SoftwareSerial mySerial(10,11);

void setup()
{
 // Serial.begin(9600);
 // mySerial.begin(9600);
}

void loop()
{
  
//  char data = mySerial.read();
//  Serial.print(data);
  

}

All I want to do is read the value from the scale, and store it as a variable.

Thank you for your support!!!

Please, try the following codes:

#include <SoftwareSerial.h>

SoftwareSerial mySerial(10,11);  //SRX, STX   

void setup()
{
   Serial.begin(9600);
   mySerial.begin(9600);
}

void loop()
{
      if(mySerial.available()>0)
      {
           byte x = mySerial.read();
           Serial.println(x, HEX);
      }  
}

Hello,

Thank you for the prompt reply. I have just tried your code.

#include <SoftwareSerial.h>

SoftwareSerial mySerial(10,11);  //SRX, STX   

void setup()
{
   Serial.begin(9600);
   mySerial.begin(9600);
   
}

void loop()
{
      if(mySerial.available()>0)
      {
           byte x = mySerial.read();
           Serial.println(x, HEX);
      }  
}

If I have RX, TX hooked up to pins 0 and 1, I get two spurts of data and then nothing happens.

If I have RX, TX hooked up to pins 10 and 11, I get absolutely nothing.

Cheers,
Tyler

Which digital scale?

I seriously doubt that it continuously is sending out data without a query.

Did you bother reading the manual?

It is the OHAUS Adventurer pro. Yes, I read the manual which is how I got to get the device to send continuous data without query.

I have just swapped the TX and RX inputs to the arduino (from the RS232 converter) on pins 10 and 11 using the code that was previously suggested. I am now getting a continuous stream of data to read, but it looks like this:

A
20
20
30
20
20
20
2E
20
20
20
2E
D
20

tylerrterhune:
It is the OHAUS Adventurer pro. Yes, I read the manual which is how I got to get the device to send continuous data without query.

I have just swapped the TX and RX inputs to the arduino (from the RS232 converter) on pins 10 and 11 using the code that was previously suggested.
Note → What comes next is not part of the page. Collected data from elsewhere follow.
(* Let $X$ be a complex vector space equipped with an inner product $\langle\cdot,\cdot\rangle'$ with induced norm $\|x\|'=\sqrt{\langle x,x\rangle'}$. Suppose that for each $\alpha\in(0,1]$ we are given a map $\langle\cdot,\cdot\rangle_\alpha : X\times X\to\mathbb{C}$ and real constants $A_\alpha,B_\alpha$ with $0<A_\alpha\le B_\alpha<\infty$ such that for all $x,y\in X$ and all $\alpha\in(0,1]$, \[ A_\alpha\,|\langle x,y\rangle'| \le |\langle x,y\rangle_\alpha| \le B_\alpha\,|\langle x,y\rangle'|. \] For $x\in X$ put $\|x\|_\alpha=\sqrt{\langle x,x\rangle_\alpha}$ (any complex square root), so $|\|x\|_\alpha^2|=|\langle x,x\rangle_\alpha|$. Then for all $x,y\in X$ and all $\alpha\in(0,1]$: (i) (Fuzzy Cauchy–Schwarz) $\displaystyle |\langle x,y\rangle_\alpha|\le \frac{B_\alpha}{A_\alpha}\,\big|\|x\|_\alpha\|y\|_\alpha\big|$; (ii) (Fuzzy parallelogram inequality) \[ \frac{2A_\alpha}{B_\alpha}\big(|\|x\|_\alpha^2|+|\|y\|_\alpha^2|\big)\le |\|x+y\|_\alpha^2|+|\|x-y\|_\alpha^2|\le \frac{2B_\alpha}{A_\alpha}\big(|\|x\|_\alpha^2|+|\|y\|_\alpha^2|\big); \] (iii) (Fuzzy polarization inequality, real case) if $X$ is a real vector space and $\langle\cdot,\cdot\rangle'$ is a real inner product (the same bounds being assumed), then \[ |\|x+y\|_\alpha^2|\le \frac{B_\alpha}{A_\alpha}\big(4|\langle x,y\rangle_\alpha|+|\|x-y\|_\alpha^2|\big); \] (iv) (Fuzzy Bessel inequality) if $\{e_i\}_{i=1}^\infty$ is an orthonormal sequence in $X$ with respect to $\langle\cdot,\cdot\rangle'$, then \[ \sum_{i=1}^\infty |\langle x,e_i\rangle_\alpha|^2\le \frac{B_\alpha^2}{A_\alpha}\,|\|x\|_\alpha^2|. \]
   Context: The map $\langle\cdot,\cdot\rangle_\alpha$ satisfying the two-sided bound is the paper's (simplified) "fuzzy inner product" relative to the classical inner product $\langle\cdot,\cdot\rangle'$; $\|\cdot\|_\alpha$ is its induced fuzzy norm. *)

theory Defs
  imports "HOL-Analysis.Analysis"
begin
(* Let $Q$ be a quantale, $M,N,P$ left $Q$-modules and $f:P\to M$, $g:P\to N$ injective $Q$-module homomorphisms. Let $\vartheta$ be the $Q$-module congruence on $M\times N$ generated by $\{((f(w),\bot_N),(\bot_M,g(w)))\mid w\in P\}$. Then for all $(u,v)\in M\times N$, $(u,v)$ is $\vartheta$-saturated if and only if $\{w\in P\mid f(w)\le u\}=\{w\in P\mid g(w)\le v\}$.
   Context: A quantale is a complete lattice with a monoid product distributing over arbitrary joins; a left $Q$-module is a complete lattice with an associative unital action of $Q$ distributing over joins in each argument; homomorphisms preserve arbitrary joins and the action. $M\times N$ is the $Q$-module with componentwise order and action. For $R\subseteq K^2$ ($K$ a $Q$-module), $s\in K$ is $R$-saturated if for all $(x,y)\in R$ and all $a\in Q$: $ax\le s$ iff $ay\le s$. *)

theory Defs
  imports Main "HOL-Library.Product_Order"
begin

class quantale = complete_lattice + monoid_mult +
  assumes mult_Sup_distl: "a * Sup A = Sup ((\<lambda>b. a * b) ` A)"
      and mult_Sup_distr: "Sup A * a = Sup ((\<lambda>b. b * a) ` A)"

definition qmodule :: "('q::quantale \<Rightarrow> 'm::complete_lattice \<Rightarrow> 'm) \<Rightarrow> bool" where
  "qmodule act \<longleftrightarrow>
     (\<forall>a b x. act a (act b x) = act (a * b) x) \<and>
     (\<forall>x. act 1 x = x) \<and>
     (\<forall>A x. act (Sup A) x = Sup ((\<lambda>a. act a x) ` A)) \<and>
     (\<forall>a X. act a (Sup X) = Sup (act a ` X))"

definition qmodule_hom ::
  "('q::quantale \<Rightarrow> 'a::complete_lattice \<Rightarrow> 'a) \<Rightarrow> ('q \<Rightarrow> 'b::complete_lattice \<Rightarrow> 'b)
    \<Rightarrow> ('a \<Rightarrow> 'b) \<Rightarrow> bool" where
  "qmodule_hom actA actB h \<longleftrightarrow>
     (\<forall>X. h (Sup X) = Sup (h ` X)) \<and> (\<forall>a x. h (actA a x) = actB a (h x))"

definition prod_act ::
  "('q \<Rightarrow> 'm \<Rightarrow> 'm) \<Rightarrow> ('q \<Rightarrow> 'n \<Rightarrow> 'n) \<Rightarrow> 'q \<Rightarrow> 'm \<times> 'n \<Rightarrow> 'm \<times> 'n" where
  "prod_act actM actN a p = (actM a (fst p), actN a (snd p))"

definition qmodule_congruence ::
  "('q::quantale \<Rightarrow> 'k::complete_lattice \<Rightarrow> 'k) \<Rightarrow> ('k \<times> 'k) set \<Rightarrow> bool" where
  "qmodule_congruence act \<theta> \<longleftrightarrow>
     equiv UNIV \<theta> \<and>
     (\<forall>a x y. (x, y) \<in> \<theta> \<longrightarrow> (act a x, act a y) \<in> \<theta>) \<and>
     (\<forall>S. S \<subseteq> \<theta> \<longrightarrow> (Sup (fst ` S), Sup (snd ` S)) \<in> \<theta>)"

definition congruence_generated ::
  "('q::quantale \<Rightarrow> 'k::complete_lattice \<Rightarrow> 'k) \<Rightarrow> ('k \<times> 'k) set \<Rightarrow> ('k \<times> 'k) set" where
  "congruence_generated act R = \<Inter>{\<theta>. qmodule_congruence act \<theta> \<and> R \<subseteq> \<theta>}"

definition saturated ::
  "('q \<Rightarrow> 'k::order \<Rightarrow> 'k) \<Rightarrow> ('k \<times> 'k) set \<Rightarrow> 'k \<Rightarrow> bool" where
  "saturated act R s \<longleftrightarrow> (\<forall>(x, y) \<in> R. \<forall>a. act a x \<le> s \<longleftrightarrow> act a y \<le> s)"

end

theory Submission
  imports Defs
begin

text \<open>For a fixed element s of a module K, the relation identifying x and y when
all their translates a x, a y lie below s simultaneously is a congruence, and
s is R-saturated exactly when R is contained in it. Hence saturation with respect
to R and with respect to the congruence generated by R coincide. For the
generators ((f w, \<bottom>), (\<bottom>, g w)) the homomorphism property turns the translates
into (f (a w), \<bottom>) and (\<bottom>, g (a w)), so saturation of (u, v) says precisely that
f w \<le> u and g w \<le> v hold for the same w.\<close>

lemma qmodule_act_bot: "qmodule act \<Longrightarrow> act a bot = bot"
  unfolding qmodule_def by (metis Sup_empty image_empty)

lemma qmodule_prod_act:
  assumes "qmodule actM" and "qmodule actN"
  shows "qmodule (prod_act actM actN)"
  using assms unfolding qmodule_def prod_act_def Sup_prod_def
  by (simp add: image_image)

definition saturation_kernel ::
  "('q \<Rightarrow> 'k::order \<Rightarrow> 'k) \<Rightarrow> 'k \<Rightarrow> ('k \<times> 'k) set" where
  "saturation_kernel act s = {(x, y). \<forall>a. act a x \<le> s \<longleftrightarrow> act a y \<le> s}"

lemma saturated_iff_subset_saturation_kernel:
  "saturated act R s \<longleftrightarrow> R \<subseteq> saturation_kernel act s"
  unfolding saturated_def saturation_kernel_def by auto

lemma qmodule_congruence_saturation_kernel:
  assumes act: "qmodule act"
  shows "qmodule_congruence act (saturation_kernel act s)"
  unfolding qmodule_congruence_def
proof (intro conjI allI impI)
  show "equiv UNIV (saturation_kernel act s)"
    unfolding saturation_kernel_def equiv_def refl_on_def sym_def trans_def by auto
next
  fix a x y
  assume "(x, y) \<in> saturation_kernel act s"
  then show "(act a x, act a y) \<in> saturation_kernel act s"
    using act unfolding saturation_kernel_def qmodule_def by simp
next
  fix S
  assume S: "S \<subseteq> saturation_kernel act s"
  have below_Sup: "act a (Sup X) \<le> s \<longleftrightarrow> (\<forall>x\<in>X. act a x \<le> s)" for a X
    using act unfolding qmodule_def by (simp add: Sup_le_iff)
  have "act a (fst p) \<le> s \<longleftrightarrow> act a (snd p) \<le> s" if "p \<in> S" for a p
    using S that unfolding saturation_kernel_def by auto
  then show "(Sup (fst ` S), Sup (snd ` S)) \<in> saturation_kernel act s"
    unfolding saturation_kernel_def by (simp add: below_Sup)
qed

lemma saturated_congruence_generated_iff:
  assumes "qmodule act"
  shows "saturated act (congruence_generated act R) s \<longleftrightarrow> saturated act R s"
proof
  assume "saturated act (congruence_generated act R) s"
  moreover have "R \<subseteq> congruence_generated act R"
    unfolding congruence_generated_def by blast
  ultimately show "saturated act R s"
    by (auto simp: saturated_iff_subset_saturation_kernel)
next
  assume "saturated act R s"
  then have "congruence_generated act R \<subseteq> saturation_kernel act s"
    using qmodule_congruence_saturation_kernel[OF assms]
    unfolding congruence_generated_def saturated_iff_subset_saturation_kernel by blast
  then show "saturated act (congruence_generated act R) s"
    by (simp add: saturated_iff_subset_saturation_kernel)
qed

lemma saturated_pushout_generators_iff:
  assumes M: "qmodule actM" and N: "qmodule actN"
    and f: "qmodule_hom actP actM f" and g: "qmodule_hom actP actN g"
  shows "saturated (prod_act actM actN) {((f w, bot), (bot, g w)) | w. True} (u, v)
           \<longleftrightarrow> {w. f w \<le> u} = {w. g w \<le> v}"
proof -
  have act_f: "prod_act actM actN a (f w, bot) = (f (actP a w), bot)" for a w
    using f qmodule_act_bot[OF N] unfolding qmodule_hom_def prod_act_def by simp
  have act_g: "prod_act actM actN a (bot, g w) = (bot, g (actP a w))" for a w
    using g qmodule_act_bot[OF M] unfolding qmodule_hom_def prod_act_def by simp
  have f_one: "f (actP 1 w) = f w" and g_one: "g (actP 1 w) = g w" for w
    using f g M N unfolding qmodule_hom_def qmodule_def by simp_all
  have "saturated (prod_act actM actN) {((f w, bot), (bot, g w)) | w. True} (u, v)
          \<longleftrightarrow> (\<forall>w a. f (actP a w) \<le> u \<longleftrightarrow> g (actP a w) \<le> v)"
    unfolding saturated_def by (fastforce simp: act_f act_g)
  also have "\<dots> \<longleftrightarrow> (\<forall>w. f w \<le> u \<longleftrightarrow> g w \<le> v)"
    by (metis f_one g_one)
  finally show ?thesis
    by blast
qed

theorem proposition4p4:
  fixes actM :: "'q::quantale \<Rightarrow> 'm::complete_lattice \<Rightarrow> 'm"
    and actN :: "'q \<Rightarrow> 'n::complete_lattice \<Rightarrow> 'n"
    and actP :: "'q \<Rightarrow> 'p::complete_lattice \<Rightarrow> 'p"
    and f :: "'p \<Rightarrow> 'm" and g :: "'p \<Rightarrow> 'n"
  assumes "qmodule actM" and "qmodule actN" and "qmodule actP"
    and "qmodule_hom actP actM f" and "qmodule_hom actP actN g"
    and "inj f" and "inj g"
  shows "\<forall>u v. saturated (prod_act actM actN)
                 (congruence_generated (prod_act actM actN)
                    {((f w, bot), (bot, g w)) | w. True}) (u, v)
             \<longleftrightarrow> {w. f w \<le> u} = {w. g w \<le> v}"
  using saturated_congruence_generated_iff[OF qmodule_prod_act[OF assms(1,2)]]
    saturated_pushout_generators_iff[OF assms(1,2,4,5)]
  by blast

end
I am now getting a continuous stream of data to read, but it looks like this:

A
20
20
30
20
20
20
2E
20
20
20
2E
D
20

A very poor idea to have continuous data.

I have just gone through this with a valve regulator.

Much easier to have it respond to a query.

Oh, and since it is RS232, using TeraTerm to debug would not be a bad idea. Take the Arduino Uno out of the equation.

.

@OP

You have said, in Post#2, that there is absolutely no data.

Now, you are saying (in Post#4) that you are getting data.

It is the responsibility of the user/programmer to interpret the data to extract the meaning.

tylerrterhune:
I have just swapped the TX and RX inputs to the arduino (from the RS232 converter) on pins 10 and 11 using the code that was previously suggested. I am now getting a continuous stream of data to read, but it looks like this:

Pins 0 & 1 are used by the hardware serial port so you can't use them for software serial at the same time as they will be in conflict with one another.

Those are the hex ASCII codes that are being received from the scale, which is what you asked for when you used Serial.println(x, HEX); If you use Serial.print(x); you will see that actual transmission.